(* Let $(S,d)$, $(S',d')$, $(R,d_R)$ be Polish spaces and let $g:S'\times S\to R$ be a (Borel measurable) map that is $K$-Lipschitz in the second variable, i.e. $d_R(g(x,y),g(x,z))\le K\,d(y,z)$ for all $x\in S'$, $y,z\in S$. Let $X$ be an $S'$-valued random variable and $Y,Z$ be $S$-valued random variables such that $X$ is independent of $Y$ and $X$ is independent of $Z$. Then $\rho_P^R(g(X,Y),g(X,Z))\le(1\vee K)\,\rho_P^S(Y,Z)$.
   Context: For a Polish space $(S,d)$ and $\mu,\nu\in\mathcal{P}(S)$, the Prokhorov distance is $\rho_P^S(\mu,\nu)=\inf\{\epsilon>0:\mu(B)\le\nu(B^\epsilon)+\epsilon\text{ for all Borel sets }B\}$, where $B^\epsilon=\{x\in S:d(x,B)<\epsilon\}$. For random variables $U,V$ with values in $S$, $\rho_P^S(U,V)$ means $\rho_P^S(\operatorname{law}(U),\operatorname{law}(V))$. $a\vee b=\max(a,b)$. *)

theory Defs
  imports "HOL-Probability.Probability"
begin

definition eps_nbhd :: "real \<Rightarrow> 'a::metric_space set \<Rightarrow> 'a set" where
  "eps_nbhd e B = {x. infdist x B < e}"

definition prokhorov_dist :: "'a::metric_space measure \<Rightarrow> 'a measure \<Rightarrow> real" where
  "prokhorov_dist \<mu> \<nu> =
     Inf {e. e > 0 \<and> (\<forall>B\<in>sets borel. measure \<mu> B \<le> measure \<nu> (eps_nbhd e B) + e)}"

end

theory Submission
  imports Defs
begin

text \<open>
  By independence, the law of \<open>(X, Y)\<close> is the product \<open>P\<^sub>X \<otimes> P\<^sub>Y\<close>, so the law of \<open>g(X, Y)\<close>
  is the image of \<open>P\<^sub>X \<otimes> P\<^sub>Y\<close> under \<open>g\<close>. Fix \<open>x\<close> and a Borel set \<open>C\<close>. Since \<open>y \<mapsto> g(x, y)\<close>
  is \<open>L\<close>-Lipschitz with \<open>L = max 1 K\<close>, the \<open>\<epsilon>\<close>-neighbourhood of the slice \<open>{y. g(x, y) \<in> C}\<close>
  lies in the slice of \<open>C\<^sup>L\<^sup>\<epsilon>\<close>; so a Prokhorov bound \<open>\<epsilon>\<close> for \<open>(P\<^sub>Y, P\<^sub>Z)\<close> bounds the slice
  measures, and integrating over \<open>x\<close> (Fubini) gives the bound \<open>L\<epsilon> \<ge> \<epsilon>\<close> for the images.
\<close>

definition prokhorov_bound :: "real \<Rightarrow> 'a::metric_space measure \<Rightarrow> 'a measure \<Rightarrow> bool" where
  "prokhorov_bound e \<mu> \<nu> \<longleftrightarrow> (\<forall>B\<in>sets borel. measure \<mu> B \<le> measure \<nu> (eps_nbhd e B) + e)"

lemma prokhorov_bound_one:
  assumes "prob_space \<mu>"
  shows "prokhorov_bound 1 \<mu> \<nu>"
  using prob_space.prob_le_1[OF assms] by (auto simp: prokhorov_bound_def intro: add_increasing)

text \<open>The witness \<open>e\<^sub>0\<close> keeps the infimum defining \<^term>\<open>prokhorov_dist \<mu> \<nu>\<close> from being the
  unspecified \<^term>\<open>Inf {} :: real\<close>.\<close>
lemma prokhorov_dist_le_scaled:
  assumes "L > 0" and "e\<^sub>0 > 0" and "prokhorov_bound e\<^sub>0 \<mu> \<nu>"
    and "\<And>e. e > 0 \<Longrightarrow> prokhorov_bound e \<mu> \<nu> \<Longrightarrow> prokhorov_bound (L * e) \<mu>' \<nu>'"
  shows "prokhorov_dist \<mu>' \<nu>' \<le> L * prokhorov_dist \<mu> \<nu>"
proof -
  let ?S = "{e. e > 0 \<and> prokhorov_bound e \<mu> \<nu>}" and ?T = "{e. e > 0 \<and> prokhorov_bound e \<mu>' \<nu>'}"
  have "Inf ?T / L \<le> Inf ?S"
  proof (rule cInf_greatest)
    show "?S \<noteq> {}" using assms(2,3) by auto
    fix e assume "e \<in> ?S"
    then have "Inf ?T \<le> L * e"
      using assms(1,4) by (intro cInf_lower bdd_belowI[of _ 0]) auto
    then show "Inf ?T / L \<le> e" using assms(1) by (simp add: divide_le_eq mult.commute)
  qed
  then show ?thesis
    using assms(1) by (simp add: prokhorov_dist_def prokhorov_bound_def divide_le_eq mult.commute)
qed

lemma open_eps_nbhd: "open (eps_nbhd e B)"
  unfolding eps_nbhd_def by (intro open_Collect_less continuous_intros)

text \<open>Nonemptiness is needed because \<^prop>\<open>infdist x {} = 0\<close>.\<close>
lemma eps_nbhd_vimage_subset:
  assumes "L-lipschitz_on UNIV f" and "L > 0" and "f -` C \<noteq> {}"
  shows "eps_nbhd e (f -` C) \<subseteq> f -` eps_nbhd (L * e) C"
proof
  fix z assume "z \<in> eps_nbhd e (f -` C)"
  then have "(INF y\<in>f -` C. dist z y) < e"
    using assms(3) by (simp add: eps_nbhd_def infdist_notempty)
  then obtain y where y: "f y \<in> C" "dist z y < e"
    by (subst (asm) cInf_less_iff) (use assms(3) in auto)
  have "infdist (f z) C \<le> dist (f z) (f y)" using y(1) by (rule infdist_le)
  also have "\<dots> \<le> L * dist z y" using assms(1) by (rule lipschitz_onD) auto
  also have "\<dots> < L * e" using y(2) assms(2) by simp
  finally show "z \<in> f -` eps_nbhd (L * e) C" by (simp add: eps_nbhd_def)
qed

lemma (in prob_space) distr_pair_eq_pair_measure_if_indep_set:
  assumes X: "random_variable S X" and Y: "random_variable T Y"
    and indep: "indep_set {X -` A \<inter> space M | A. A \<in> sets S} {Y -` B \<inter> space M | B. B \<in> sets T}"
  shows "distr M S X \<Otimes>\<^sub>M distr M T Y = distr M (S \<Otimes>\<^sub>M T) (\<lambda>\<omega>. (X \<omega>, Y \<omega>))"
proof (rule pair_measure_eqI)
  have XY: "random_variable (S \<Otimes>\<^sub>M T) (\<lambda>\<omega>. (X \<omega>, Y \<omega>))"
    using X Y by (rule measurable_Pair)
  show "sigma_finite_measure (distr M S X)" "sigma_finite_measure (distr M T Y)"
    using X Y by (auto intro!: prob_space_imp_sigma_finite prob_space_distr)
  fix A B assume A: "A \<in> sets (distr M S X)" and B: "B \<in> sets (distr M T Y)"
  have "emeasure (distr M (S \<Otimes>\<^sub>M T) (\<lambda>\<omega>. (X \<omega>, Y \<omega>))) (A \<times> B)
      = emeasure M ((X -` A \<inter> space M) \<inter> (Y -` B \<inter> space M))"
    using A B XY by (subst emeasure_distr) (auto intro!: arg_cong[where f="emeasure M"])
  also have "\<dots> = emeasure M (X -` A \<inter> space M) * emeasure M (Y -` B \<inter> space M)"
  proof -
    have "prob ((X -` A \<inter> space M) \<inter> (Y -` B \<inter> space M)) = prob (X -` A \<inter> space M) * prob (Y -` B \<inter> space M)"
      using A B by (intro indep_setD[OF indep]) auto
    then show ?thesis by (simp add: emeasure_eq_measure ennreal_mult)
  qed
  also have "\<dots> = emeasure (distr M S X) A * emeasure (distr M T Y) B"
    using X Y A B by (simp add: emeasure_distr)
  finally show "emeasure (distr M S X) A * emeasure (distr M T Y) B
      = emeasure (distr M (S \<Otimes>\<^sub>M T) (\<lambda>\<omega>. (X \<omega>, Y \<omega>))) (A \<times> B)" ..
qed simp

lemma (in prob_space) distr_indep_pair:
  fixes g :: "'x::second_countable_topology \<times> 'y::second_countable_topology \<Rightarrow> 'z::topological_space"
  assumes X: "random_variable borel X" and Y: "random_variable borel Y"
    and indep: "indep_set {X -` A \<inter> space M | A. A \<in> sets borel} {Y -` B \<inter> space M | B. B \<in> sets borel}"
    and g: "g \<in> borel_measurable borel"
  shows "distr M borel (\<lambda>\<omega>. g (X \<omega>, Y \<omega>)) = distr (distr M borel X \<Otimes>\<^sub>M distr M borel Y) borel g"
proof -
  have "g \<in> borel \<Otimes>\<^sub>M borel \<rightarrow>\<^sub>M borel" using g by (simp add: borel_prod)
  with X Y show ?thesis
    unfolding distr_pair_eq_pair_measure_if_indep_set[OF X Y indep]
    by (subst distr_distr) (auto simp: o_def)
qed

lemma measure_pair_measure_le_if_slices_le:
  assumes "prob_space M\<^sub>1" "prob_space M\<^sub>2" "prob_space M\<^sub>3"
    and A: "A \<in> sets (M\<^sub>1 \<Otimes>\<^sub>M M\<^sub>2)" and B: "B \<in> sets (M\<^sub>1 \<Otimes>\<^sub>M M\<^sub>3)" and "0 \<le> e"
    and slices: "\<And>x. x \<in> space M\<^sub>1 \<Longrightarrow> measure M\<^sub>2 (Pair x -` A) \<le> measure M\<^sub>3 (Pair x -` B) + e"
  shows "measure (M\<^sub>1 \<Otimes>\<^sub>M M\<^sub>2) A \<le> measure (M\<^sub>1 \<Otimes>\<^sub>M M\<^sub>3) B + e"
proof -
  interpret M\<^sub>1: prob_space M\<^sub>1 by fact
  interpret M\<^sub>2: prob_space M\<^sub>2 by fact
  interpret M\<^sub>3: prob_space M\<^sub>3 by fact
  interpret M\<^sub>1\<^sub>2: prob_space "M\<^sub>1 \<Otimes>\<^sub>M M\<^sub>2" by (intro prob_space_pair; fact)
  interpret M\<^sub>1\<^sub>3: prob_space "M\<^sub>1 \<Otimes>\<^sub>M M\<^sub>3" by (intro prob_space_pair; fact)
  have "emeasure (M\<^sub>1 \<Otimes>\<^sub>M M\<^sub>2) A = (\<integral>\<^sup>+x. emeasure M\<^sub>2 (Pair x -` A) \<partial>M\<^sub>1)"
    using A by (rule M\<^sub>2.emeasure_pair_measure_alt)
  also have "\<dots> \<le> (\<integral>\<^sup>+x. emeasure M\<^sub>3 (Pair x -` B) + e \<partial>M\<^sub>1)"
    using slices \<open>0 \<le> e\<close>
    by (intro nn_integral_mono) (simp add: M\<^sub>2.emeasure_eq_measure M\<^sub>3.emeasure_eq_measure ennreal_plus[symmetric] del: ennreal_plus)
  also have "\<dots> = (\<integral>\<^sup>+x. emeasure M\<^sub>3 (Pair x -` B) \<partial>M\<^sub>1) + e"
    using B by (subst nn_integral_add) (simp_all add: M\<^sub>3.measurable_emeasure_Pair M\<^sub>1.emeasure_space_1)
  also have "\<dots> = emeasure (M\<^sub>1 \<Otimes>\<^sub>M M\<^sub>3) B + e"
    using B by (simp add: M\<^sub>3.emeasure_pair_measure_alt)
  finally show ?thesis
    using \<open>0 \<le> e\<close> by (simp add: M\<^sub>1\<^sub>2.emeasure_eq_measure M\<^sub>1\<^sub>3.emeasure_eq_measure ennreal_plus[symmetric] del: ennreal_plus)
qed

lemma measure_vimage_le_if_prokhorov_bound:
  assumes "prob_space \<nu>" and "prokhorov_bound e \<mu> \<nu>" and "0 \<le> e"
    and lip: "L-lipschitz_on UNIV f" and "L > 0"
    and "f -` C \<in> sets borel" and "f -` eps_nbhd (L * e) C \<in> sets \<nu>"
  shows "measure \<mu> (f -` C) \<le> measure \<nu> (f -` eps_nbhd (L * e) C) + e"
proof (cases "f -` C = {}")
  case False
  interpret \<nu>: prob_space \<nu> by fact
  have "measure \<mu> (f -` C) \<le> measure \<nu> (eps_nbhd e (f -` C)) + e"
    using assms(2,6) by (simp add: prokhorov_bound_def)
  also have "measure \<nu> (eps_nbhd e (f -` C)) \<le> measure \<nu> (f -` eps_nbhd (L * e) C)"
    using eps_nbhd_vimage_subset[OF lip \<open>L > 0\<close> False] assms(7) by (rule \<nu>.finite_measure_mono)
  finally show ?thesis by simp
qed (use \<open>0 \<le> e\<close> in simp)

lemma prokhorov_bound_distr_pair:
  fixes g :: "'b::second_countable_topology \<times> 'a::{metric_space, second_countable_topology} \<Rightarrow> 'c::metric_space"
  assumes PX: "prob_space PX" and PY: "prob_space PY" and PZ: "prob_space PZ"
    and sets_eq: "sets PX = sets borel" "sets PY = sets borel" "sets PZ = sets borel"
    and g: "g \<in> borel_measurable borel"
    and lip: "\<And>x. L-lipschitz_on UNIV (\<lambda>y. g (x, y))" and "1 \<le> L"
    and "0 < e" and bound: "prokhorov_bound e PY PZ"
  shows "prokhorov_bound (L * e) (distr (PX \<Otimes>\<^sub>M PY) borel g) (distr (PX \<Otimes>\<^sub>M PZ) borel g)"
  unfolding prokhorov_bound_def
proof
  fix C :: "'c set" assume C: "C \<in> sets borel"
  define D where "D = eps_nbhd (L * e) C"
  have D: "D \<in> sets borel" unfolding D_def by (intro borel_open open_eps_nbhd)
  have "sets (PX \<Otimes>\<^sub>M PY) = sets borel" "sets (PX \<Otimes>\<^sub>M PZ) = sets borel"
    using sets_eq by (simp_all add: borel_prod[symmetric] cong: sets_pair_measure_cong)
  then have gY: "g \<in> PX \<Otimes>\<^sub>M PY \<rightarrow>\<^sub>M borel" and gZ: "g \<in> PX \<Otimes>\<^sub>M PZ \<rightarrow>\<^sub>M borel"
    using g by (simp_all cong: measurable_cong_sets)
  have spaces: "space (PX \<Otimes>\<^sub>M PY) = UNIV" "space (PX \<Otimes>\<^sub>M PZ) = UNIV"
    using sets_eq[THEN sets_eq_imp_space_eq] by (simp_all add: space_pair_measure)
  then have gC: "g -` C \<in> sets (PX \<Otimes>\<^sub>M PY)" and gD: "g -` D \<in> sets (PX \<Otimes>\<^sub>M PZ)"
    using measurable_sets[OF gY C] measurable_sets[OF gZ D] by simp_all
  have "measure PY (Pair x -` g -` C) \<le> measure PZ (Pair x -` g -` D) + e" for x
  proof -
    have "Pair x -` g -` C = (\<lambda>y. g (x, y)) -` C" "Pair x -` g -` D = (\<lambda>y. g (x, y)) -` D"
      by auto
    moreover have "Pair x -` g -` C \<in> sets borel" "Pair x -` g -` D \<in> sets PZ"
      using sets_Pair1[OF gC] sets_Pair1[OF gD] sets_eq(2) by simp_all
    ultimately show ?thesis
      using PZ bound \<open>0 < e\<close> lip \<open>1 \<le> L\<close> unfolding D_def
      by (simp add: measure_vimage_le_if_prokhorov_bound)
  qed
  then have "measure (PX \<Otimes>\<^sub>M PY) (g -` C) \<le> measure (PX \<Otimes>\<^sub>M PZ) (g -` D) + e"
    using gC gD \<open>0 < e\<close> by (intro measure_pair_measure_le_if_slices_le[OF PX PY PZ]) auto
  moreover have "e \<le> L * e" using \<open>0 < e\<close> \<open>1 \<le> L\<close> by simp
  ultimately show "measure (distr (PX \<Otimes>\<^sub>M PY) borel g) C
      \<le> measure (distr (PX \<Otimes>\<^sub>M PZ) borel g) (eps_nbhd (L * e) C) + L * e"
    using gY gZ C D spaces unfolding D_def by (simp add: measure_distr)
qed

theorem theorem3p6:
  fixes M :: "'w measure"
    and g :: "'b::polish_space \<times> 'a::polish_space \<Rightarrow> 'c::polish_space"
    and X :: "'w \<Rightarrow> 'b" and Y Z :: "'w \<Rightarrow> 'a" and K :: real
  assumes "prob_space M"
    and "g \<in> borel_measurable borel"
    and "\<And>x y z. dist (g (x, y)) (g (x, z)) \<le> K * dist y z"
    and "X \<in> borel_measurable M" and "Y \<in> borel_measurable M" and "Z \<in> borel_measurable M"
    and "prob_space.indep_set M {X -` A \<inter> space M | A. A \<in> sets borel}
                                {Y -` B \<inter> space M | B. B \<in> sets borel}"
    and "prob_space.indep_set M {X -` A \<inter> space M | A. A \<in> sets borel}
                                {Z -` B \<inter> space M | B. B \<in> sets borel}"
  shows "prokhorov_dist (distr M borel (\<lambda>\<omega>. g (X \<omega>, Y \<omega>))) (distr M borel (\<lambda>\<omega>. g (X \<omega>, Z \<omega>)))
           \<le> max 1 K * prokhorov_dist (distr M borel Y) (distr M borel Z)"
proof -
  interpret prob_space M by fact
  let ?PX = "distr M borel X" and ?PY = "distr M borel Y" and ?PZ = "distr M borel Z"
  have laws: "distr M borel (\<lambda>\<omega>. g (X \<omega>, Y \<omega>)) = distr (?PX \<Otimes>\<^sub>M ?PY) borel g"
    "distr M borel (\<lambda>\<omega>. g (X \<omega>, Z \<omega>)) = distr (?PX \<Otimes>\<^sub>M ?PZ) borel g"
    using assms by (simp_all add: distr_indep_pair)
  have lip: "(max 1 K)-lipschitz_on UNIV (\<lambda>y. g (x, y))" for x
  proof (rule lipschitz_onI)
    show "dist (g (x, y)) (g (x, z)) \<le> max 1 K * dist y z" for y z
      using assms(3) mult_right_mono[OF max.cobounded2 zero_le_dist] by (rule order_trans)
  qed simp
  have "prokhorov_dist (distr (?PX \<Otimes>\<^sub>M ?PY) borel g) (distr (?PX \<Otimes>\<^sub>M ?PZ) borel g)
      \<le> max 1 K * prokhorov_dist ?PY ?PZ"
  proof (rule prokhorov_dist_le_scaled)
    show "prokhorov_bound 1 ?PY ?PZ"
      using assms(5) by (intro prokhorov_bound_one prob_space_distr)
    fix e :: real assume "0 < e" and "prokhorov_bound e ?PY ?PZ"
    with assms(4-6) lip show "prokhorov_bound (max 1 K * e) (distr (?PX \<Otimes>\<^sub>M ?PY) borel g) (distr (?PX \<Otimes>\<^sub>M ?PZ) borel g)"
      by (intro prokhorov_bound_distr_pair prob_space_distr assms(2)) simp_all
  qed simp_all
  then show ?thesis unfolding laws .
qed

end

--

### Task prompt
Look above for the line with "measures, and integrating"; retype exactly that line, every line after it up to the line with "text \<open>The witness", and that line too, nothing else.

### Response to the exercise
  measures, and integrating over \<open>x\<close> (Fubini) gives the bound \<open>L\<epsilon> \<ge> \<epsilon>\<close> for the images.
\<close>

definition prokhorov_bound :: "real \<Rightarrow> 'a::metric_space measure \<Rightarrow> 'a measure \<Rightarrow> bool" where
  "prokhorov_bound e \<mu> \<nu> \<longleftrightarrow> (\<forall>B\<in>sets borel. measure \<mu> B \<le> measure \<nu> (eps_nbhd e B) + e)"

lemma prokhorov_bound_one:
  assumes "prob_space \<mu>"
  shows "prokhorov_bound 1 \<mu> \<nu>"
  using prob_space.prob_le_1[OF assms] by (auto simp: prokhorov_bound_def intro: add_increasing)

text \<open>The witness \<open>e\<^sub>0\<close> keeps the infimum defining \<^term>\<open>prokhorov_dist \<mu> \<nu>\<close> from being the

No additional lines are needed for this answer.